Kendari, portal.id – Wali Kota Kendari Siska Karina Imran menegaskan komitmennya menjadikan seluruh kecamatan dan kelurahan di Kota Kendari sebagai wilayah percontohan pengelolaan sampah terpadu berbasis masyarakat melalui sistem 3R (Reduce, Reuse, Recycle) dan bank sampah.
Hal ini disampaikan saat meninjau kegiatan warga di Lorong Kodya, Kelurahan Watu-Watu, Jum’at, (31/10/2025), yang berhasil mengubah sampah rumah tangga menjadi sumber ekonomi.
“Sampah bukan musuh kita, justru sampah adalah uang. Sampah itu kita yang hasilkan, jadi harus kita rawat dan kelola agar bisa kembali memberikan manfaat,” ujar Wali Kota.
Wali Kota meminta camat dan lurah menyiapkan lokasi permanen untuk pengembangan bank sampah, serta mengajak masyarakat membiasakan memilah sampah dari rumah agar pengelolaan lebih efektif dan berkelanjutan.
Wali kota menilai, kebiasaan memilah sampah dari rumah merupakan langkah penting untuk menciptakan lingkungan yang bersih dan berdaya guna. Warga diminta memilah sampah organik, anorganik dan B3 agar pengelolaan menjadi lebih efektif dan berkelanjutan.
Sementara itu, pengelola bank sampah RT 2 RW 5 Kelurahan Watu-watu, Geby Marini, mengungkapkan bahwa program ini telah berjalan lebih dari tiga tahun. Setiap Sabtu, warga datang menimbang 15 jenis sampah yang mereka kumpulkan. Hasilnya dicatat sebagai tabungan, bukan langsung diuangkan.
“Sampai sekarang sudah terkumpul lebih dari Rp. 40 juta dari hasil tabungan warga. Setiap dua minggu kami menjual hasil sampah dengan nilai sekitar Rp. 2 juta. Kalau tidak ada bank sampah, mungkin semua sampah itu akan berakhir di sungai atau di pinggir jalan,” ujar Geby.
Atas dedikasinya, Wali Kota menunjuk Geby sebagai narasumber sosialisasi pengelolaan sampah di 11 kelurahan percontohan dan memberikan honorarium penghargaan. Selain itu, Wali Kota menyerahkan satu unit laptop untuk mendukung digitalisasi data Bank Sampah Kodya.

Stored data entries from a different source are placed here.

definition acc_part :: "('r,'x,'m) schema \<Rightarrow> ('m,'r,'v) selection \<Rightarrow> ('r,'v) inst" where
  "acc_part Sch \<sigma> = (\<Union>i. acc_part_step Sch \<sigma> i)"

type_synonym ('r,'x) bcq = "('r \<times> 'x list) list"

definition well_formed_bcq :: "('r \<Rightarrow> nat) \<Rightarrow> ('r,'x) bcq \<Rightarrow> bool" where
  "well_formed_bcq ar Q \<longleftrightarrow> (\<forall>a \<in> set Q. length (snd a) = ar (fst a))"

definition holds_bcq :: "('r,'x) bcq \<Rightarrow> ('r,'v) inst \<Rightarrow> bool" where
  "holds_bcq Q I \<longleftrightarrow> (\<exists>h :: 'x \<Rightarrow> 'v. \<forall>a \<in> set Q. (fst a, map h (snd a)) \<in> I)"

text \<open>For a Boolean query, Q(I1) \<subseteq> Q(I2) means Q(I1) implies Q(I2).\<close>
definition access_mono_determined :: "('r,'x,'m) schema \<Rightarrow> ('r,'x) bcq \<Rightarrow> 'v itself \<Rightarrow> bool" where
  "access_mono_determined Sch Q _ \<longleftrightarrow>
     (\<forall>(I1 :: ('r,'v) inst) I2 \<sigma>1 \<sigma>2.
        well_formed_inst (arity Sch) I1 \<and> well_formed_inst (arity Sch) I2 \<and>
        satisfies I1 (constraints Sch) \<and> satisfies I2 (constraints Sch) \<and>
        valid_selection Sch I1 \<sigma>1 \<and> valid_selection Sch I2 \<sigma>2 \<and>
        acc_part Sch \<sigma>1 \<subseteq> acc_part Sch \<sigma>2 \<longrightarrow>
        (holds_bcq Q I1 \<longrightarrow> holds_bcq Q I2))"

definition access_determined :: "('r,'x,'m) schema \<Rightarrow> ('r,'x) bcq \<Rightarrow> 'v itself \<Rightarrow> bool" where
  "access_determined Sch Q _ \<longleftrightarrow>
     (\<forall>(I1 :: ('r,'v) inst) I2 \<sigma>1 \<sigma>2.
        well_formed_inst (arity Sch) I1 \<and> well_formed_inst (arity Sch) I2 \<and>
        satisfies I1 (constraints Sch) \<and> satisfies I2 (constraints Sch) \<and>
        valid_selection Sch I1 \<sigma>1 \<and> valid_selection Sch I2 \<sigma>2 \<and>
        acc_part Sch \<sigma>1 = acc_part Sch \<sigma>2 \<longrightarrow>
        (holds_bcq Q I1 \<longleftrightarrow> holds_bcq Q I2))"

end

theory Submission
  imports Defs
begin

text \<open>Rename the values of \<open>I\<^sub>1\<close> injectively so that its copy \<open>K\<close> shares with the copy \<open>L\<close> of
  \<open>I\<^sub>2\<close> only values accessible in \<open>K\<close>; an infinite value domain leaves room for this. On
  \<open>K \<union> L\<close>, answer every access over values of \<open>L\<close> as in \<open>L\<close>. This is a valid selection: an
  access that also matches tuples of \<open>K\<close> has an accessible binding, so in \<open>K\<close> it already
  returns accessible tuples, which lie in \<open>L\<close>; thus \<open>K\<close> adds matches only when the result
  bound is saturated inside \<open>L\<close>. The accessible part of \<open>K \<union> L\<close> is then that of \<open>L\<close>, and
  \<open>K \<union> L\<close> satisfies the inclusion dependencies, so access-determinacy transfers
  \<open>Q(K) \<subseteq> Q(K \<union> L)\<close> to \<open>L\<close> and back to \<open>I\<^sub>2\<close>.\<close>

unbundle cardinal_syntax

lemma infinite_UNIV_inj_Plus:
  assumes "infinite (UNIV :: 'v set)"
  obtains p :: "'v + 'v \<Rightarrow> 'v" where "inj p"
proof -
  have "|(UNIV :: 'v set) <+> (UNIV :: 'v set)| =o |(UNIV :: 'v set)|"
    using card_of_Plus_infinite1[OF assms ordIso_imp_ordLeq[OF card_of_refl]] by simp
  then obtain p where "bij_betw p ((UNIV :: 'v set) <+> (UNIV :: 'v set)) (UNIV :: 'v set)"
    using card_of_ordIso by blast
  then show thesis
    using that by (auto simp: bij_betw_def)
qed

lemma infinite_UNIV_renaming_apart:
  assumes "infinite (UNIV :: 'v set)"
  obtains \<rho> e :: "'v \<Rightarrow> 'v"
  where "inj \<rho>" "inj e" "\<forall>x\<in>V. \<rho> x = e x" "range \<rho> \<inter> range e \<subseteq> e ` V"
proof -
  obtain p :: "'v + 'v \<Rightarrow> 'v" where p: "inj p"
    using infinite_UNIV_inj_Plus[OF assms] .
  define \<rho> where "\<rho> x = (if x \<in> V then p (Inl x) else p (Inr x))" for x
  show thesis
  proof (rule that[of \<rho> "p \<circ> Inl"])
    show "inj \<rho>"
      using p by (auto simp: inj_def \<rho>_def split: if_splits)
    show "inj (p \<circ> Inl)"
      using p by (simp add: inj_compose)
    show "\<forall>x\<in>V. \<rho> x = (p \<circ> Inl) x"
      by (simp add: \<rho>_def)
    show "range \<rho> \<inter> range (p \<circ> Inl) \<subseteq> (p \<circ> Inl) ` V"
      using p by (auto simp: \<rho>_def inj_eq)
  qed
qed

lemma values_of_mono: "I \<subseteq> J \<Longrightarrow> values_of I \<subseteq> values_of J"
  unfolding values_of_def by blast

definition rename :: "('v \<Rightarrow> 'w) \<Rightarrow> ('r,'v) inst \<Rightarrow> ('r,'w) inst" where
  "rename e I = apsnd (map e) ` I"

lemma mem_rename_iff: "(r, zs) \<in> rename e I \<longleftrightarrow> (\<exists>ys. (r, ys) \<in> I \<and> zs = map e ys)"
  unfolding rename_def by force

lemma values_of_rename: "values_of (rename e I) = e ` values_of I"
  unfolding values_of_def rename_def by auto

lemma rename_mono: "I \<subseteq> J \<Longrightarrow> rename e I \<subseteq> rename e J"
  unfolding rename_def by (rule image_mono)

lemma rename_cong: "\<forall>x\<in>values_of I. \<rho> x = e x \<Longrightarrow> rename \<rho> I = rename e I"
  unfolding rename_def values_of_def by (force intro!: image_cong)

lemma inj_on_apsnd_map: "inj e \<Longrightarrow> inj_on (apsnd (map e)) I"
  by (metis inj_apsnd inj_mapI inj_on_subset subset_UNIV)

lemma well_formed_inst_rename:
  "well_formed_inst ar I \<Longrightarrow> well_formed_inst ar (rename e I)"
  unfolding well_formed_inst_def rename_def by auto

lemma map_inv_comp_eq:
  assumes "inj e" "map h xs = map e ys"
  shows "map (inv e \<circ> h) xs = ys"
proof -
  have "map (inv e) (map h xs) = map (inv e) (map e ys)"
    using assms(2) by simp
  then show ?thesis
    using assms(1) by simp
qed

lemma holds_bcq_rename_iff:
  assumes "inj e"
  shows "holds_bcq Q (rename e I) \<longleftrightarrow> holds_bcq Q I"
proof
  assume "holds_bcq Q (rename e I)"
  then obtain h where "\<forall>a\<in>set Q. (fst a, map h (snd a)) \<in> rename e I"
    unfolding holds_bcq_def by blast
  then have "\<forall>a\<in>set Q. (fst a, map (inv e \<circ> h) (snd a)) \<in> I"
    using map_inv_comp_eq[OF assms] by (fastforce simp: mem_rename_iff)
  then show "holds_bcq Q I"
    unfolding holds_bcq_def by blast
next
  assume "holds_bcq Q I"
  then obtain h where "\<forall>a\<in>set Q. (fst a, map h (snd a)) \<in> I"
    unfolding holds_bcq_def by blast
  then have "\<forall>a\<in>set Q. (fst a, map (e \<circ> h) (snd a)) \<in> rename e I"
    by (auto simp: mem_rename_iff)
  then show "holds_bcq Q (rename e I)"
    unfolding holds_bcq_def by blast
qed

Sebelumnya, Sekretaris DLHK Kota Kendari Arnaldo memaparkan bahwa sistem pemilahan sampah dapat mengurangi volume sampah ke TPA, sehingga yang diangkut hanya residu.
Wali Kota berharap keberhasilan Bank Sampah Kodya menjadi inspirasi bagi seluruh kelurahan untuk menciptakan lingkungan bersih, sehat, dan bernilai ekonomi.